Students honored for work on wireless internet stations

A Louisa County High School student assembles a Wireless on Wheels internet station during a class in 2020.

Students at Louisa County High School won accolades in a national competition for their work building the Wireless on Wheels internet stations that have spread throughout the county.

The program was the runner-up in the National STEM Innovation Challenge, with the finalists announced on April 20 by the Center for Energy Workforce Development, a nonprofit consortium of power companies. A Kansas high school’s entry came in first place, after Louisa topped about a dozen competitors from the East Coast.

The wireless stations, which run on batteries powered by solar panels, have helped students do their homework and other community members to access the internet during the coronavirus pandemic, when broadband became even more of an essential item. 

The idea for the stations was hatched in a conversation in spring 2020 between two Louisa County Public Schools staff. They were trying to figure out how students would get their assignments virtually when they couldn’t go to school in person. Maj. Tom Bourne, technology instructor, said that Kenny Bouwens, career and technology education director for STEAM and Innovation, and Technology Director David Childress came up with the concept and suggested that Bourne implement it in his classes.

By late fall, students in Bourne’s Energy and Power and Materials and Process classes had built 30 of the wireless units and set them up in store and church parking lots around the county.
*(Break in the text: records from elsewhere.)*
lemma window_integral_sigmoidal_tendsto_at_bot:
  fixes \<sigma> :: "real \<Rightarrow> real" and e :: "real \<Rightarrow> complex"
  assumes sig: "sigmoidal \<sigma>" and e: "e \<in> borel_measurable borel" "\<And>x. norm (e x) \<le> 1"
  shows "((\<lambda>t. LINT x:{t-1<..t+1}|lborel. complex_of_real (\<sigma> x) * e x) \<longlongrightarrow> 0) at_bot"
proof (rule window_integral_tendsto_0)
  have mono: "mono \<sigma>" and lim_bot: "(\<sigma> \<longlongrightarrow> 0) at_bot"
    using sig by (auto simp: sigmoidal_def)
  show "set_integrable lborel {t-1<..t+1} (\<lambda>x. complex_of_real (\<sigma> x) * e x)" for t
    by (rule set_integrable_sigmoidal_mult[OF sig e])
  show "norm (complex_of_real (\<sigma> x) * e x) \<le> \<sigma> (t + 1)" if "x \<in> {t-1<..t+1}" for t x
  proof -
    have "norm (complex_of_real (\<sigma> x) * e x) \<le> \<sigma> x"
      using sigmoidal_bounds[OF sig, of x] e(2)[of x] by (simp add: norm_mult mult_left_le)
    also have "\<dots> \<le> \<sigma> (t + 1)"
      using that mono by (simp add: monoD)
    finally show ?thesis .
  qed
  have "LIM t at_bot. t + 1 :> (at_bot :: real filter)"
    using filterlim_tendsto_add_at_bot_iff[OF tendsto_const[of 1], of "\<lambda>t. t"]
    by (simp add: add.commute filterlim_ident)
  then show "((\<lambda>t. \<sigma> (t + 1)) \<longlongrightarrow> 0) at_bot"
    by (rule filterlim_compose[OF lim_bot])
qed

lemma fourier_phi_sigma_2pi_int:
  fixes \<sigma> :: "real \<Rightarrow> real" and k :: int
  assumes sig: "sigmoidal \<sigma>" and int: "integrable lborel (phi_sigma \<sigma>)"
  shows "fourier (phi_sigma \<sigma>) (2 * pi * of_int k) = (if k = 0 then 1 else 0)"
proof -
  define e where "e x = exp (- \<i> * complex_of_real (x * (2 * pi * of_int k)))" for x
  define W where "W t = (LINT x:{t-1<..t+1}|lborel. complex_of_real (\<sigma> x) * e x)" for t
  define L :: complex where "L = (if k = 0 then 2 else 0)"
  have e_measurable: "e \<in> borel_measurable borel"
    unfolding e_def by measurable
  have norm_e: "norm (e x) \<le> 1" for x
    by (simp add: e_def)
  note e = e_measurable norm_e
  have "(LINT x:{t-1<..t+1}|lborel. e x) = L" for t
    unfolding e_def L_def by (rule set_integral_exp_2pi_int_window)
  then have "W t - L = (LINT x:{t-1<..t+1}|lborel. complex_of_real (\<sigma> x) * e x - e x)" for t
    using set_integrable_sigmoidal_mult[OF sig e] set_integrable_bounded_Ioc[OF e] by (simp add: W_def)
  then have "((\<lambda>t. W t - L) \<longlongrightarrow> 0) at_top"
    using window_integral_sigmoidal_tendsto_at_top[OF sig e] by simp
  then have W_top: "(W \<longlongrightarrow> L) at_top"
    by (simp add: LIM_zero_iff)
  have W_bot: "((\<lambda>t. W (- t)) \<longlongrightarrow> 0) at_top"
    using window_integral_sigmoidal_tendsto_at_bot[OF sig e] by (simp add: W_def filterlim_at_bot_mirror)
  have "((\<lambda>t. LINT x:{-t<..t}|lborel. complex_of_real (phi_sigma \<sigma> x) * e x) \<longlongrightarrow> (L - 0) / 2) at_top"
  proof (rule Lim_transform_eventually)
    show "((\<lambda>t. (W t - W (- t)) / 2) \<longlongrightarrow> (L - 0) / 2) at_top"
      by (intro tendsto_intros W_top W_bot) simp
    have period: "e (x + 1) = e x" for x
      using exp_2pi_int_periodic[of x 1 k] by (simp add: e_def)
    show "\<forall>\<^sub>F t in at_top. (W t - W (- t)) / 2 = (LINT x:{-t<..t}|lborel. complex_of_real (phi_sigma \<sigma> x) * e x)"
      using eventually_ge_at_top[of 1]
      by eventually_elim (simp add: W_def set_integral_phi_sigma_periodic[OF sig e period])
  qed
  moreover have "((\<lambda>t. LINT x:{-t<..t}|lborel. complex_of_real (phi_sigma \<sigma> x) * e x)
      \<longlongrightarrow> fourier (phi_sigma \<sigma>) (2 * pi * of_int k)) at_top"
    unfolding e_def by (rule fourier_truncation_tendsto[OF int])
  ultimately have "(L - 0) / 2 = fourier (phi_sigma \<sigma>) (2 * pi * of_int k)"
    using tendsto_unique[OF trivial_limit_at_top_linorder] by blast
  then show ?thesis
    by (cases "k = 0") (auto simp: L_def)
qed

theorem lemma4p1:
  fixes \<sigma> :: "real \<Rightarrow> real" and \<alpha> :: real
  assumes sig: "sigmoidal \<sigma>"
    and S1: "\<forall>x. \<sigma> (- x) - 1/2 = - (\<sigma> x - 1/2)"
    and S2: "C2_real \<sigma>" and S2c: "concave_on {0..} \<sigma>"
    and S3: "\<sigma> \<in> O[at_bot](\<lambda>x. \<bar>x\<bar> powr (- 1 - \<alpha>))"
    and alpha: "\<alpha> > 1"
  shows "fourier (phi_sigma \<sigma>) 0 = 1
    \<and> (\<forall>k::int. k \<noteq> 0 \<longrightarrow> fourier (phi_sigma \<sigma>) (2 * pi * of_int k) = 0)
    \<and> (fourier (phi_sigma \<sigma>) has_vector_derivative 0) (at 0)"
proof -
  have sym: "\<sigma> (- x) = 1 - \<sigma> x" for x
    using S1[rule_format, of x] by linarith
  define \<gamma> where "\<gamma> = (1 + min \<alpha> 2) / 2"
  have \<gamma>: "1 < \<gamma>" "\<gamma> \<le> 2" "\<gamma> < \<alpha>"
    using alpha by (auto simp: \<gamma>_def)
  have int: "integrable lborel (phi_sigma \<sigma>)"
    using phi_sigma_integrable[OF sig sym S3] alpha by simp
  have moment: "integrable lborel (\<lambda>x. \<bar>x\<bar> powr \<gamma> * phi_sigma \<sigma> x)"
    using phi_sigma_moment_integrable[OF sig sym S3] \<gamma> by simp
  have "fourier (phi_sigma \<sigma>) 0 = 1"
    using fourier_phi_sigma_2pi_int[OF sig int, of 0] by simp
  moreover have "\<forall>k::int. k \<noteq> 0 \<longrightarrow> fourier (phi_sigma \<sigma>) (2 * pi * of_int k) = 0"
    using fourier_phi_sigma_2pi_int[OF sig int] by simp
  moreover have "(fourier (phi_sigma \<sigma>) has_vector_derivative 0) (at 0)"
    using phi_sigma_even[where \<sigma>=\<sigma>, OF sym] int moment \<gamma>(1,2) by (rule fourier_even_has_vector_derivative_0)
  ultimately show ?thesis
    by blast
qed

end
Meanwhile, construction plans and a list of components for the units were posted on a school website, so anyone could obtain them free of charge.

“Anybody could get the materials themselves and build a Wireless on Wheels trailer for their own purposes,” Hayden MacDougall, a senior in the Energy and Power class, told a panel of judges during the competition. “There is no intention to make money off this project – it’s purely to give back to the community.”

Indeed, Bourne said during a recent stay in Radford, a town in southwest Virginia, he looked out the window and saw a wireless station modeled on the ones Louisa students have built.

Last spring, each wireless station cost $2,500 to build; with the spiraling cost of lumber during the pandemic, it now costs about $3,600, Bourne said. Had the schools paid a professional contractor to build them, the price would have been much higher.

The competition was another tool students could use to move toward careers in the energy industry, if they decide to stay on that course. The three-judge panel included employees at Dominion Energy and a Florida power company, who encouraged the students to feature the wireless stations prominently on their resumes. 

“The National STEM Innovation Challenge encourages students to apply technical knowledge and skills by assessing information, testing hypotheses, and problem solving,” said Julie Strzempko, who managed the competition. “Through this exciting challenge, students have the ability to gain project management experience, including teamwork, solution formulation, and presentation skills – aptitudes that are so crucial in the energy sector.”

Logan Self, another senior who participated in the competition, said he intends to pursue a career as a lineman with an electricity supplier, while MacDougall has long-term plans for a master’s degree in engineering.

Bourne’s class was awarded a $500 prize for its second-place showing in the competition. He said Louisa has enough wireless internet stations for now, so next fall his students will focus on solar and wind power generally.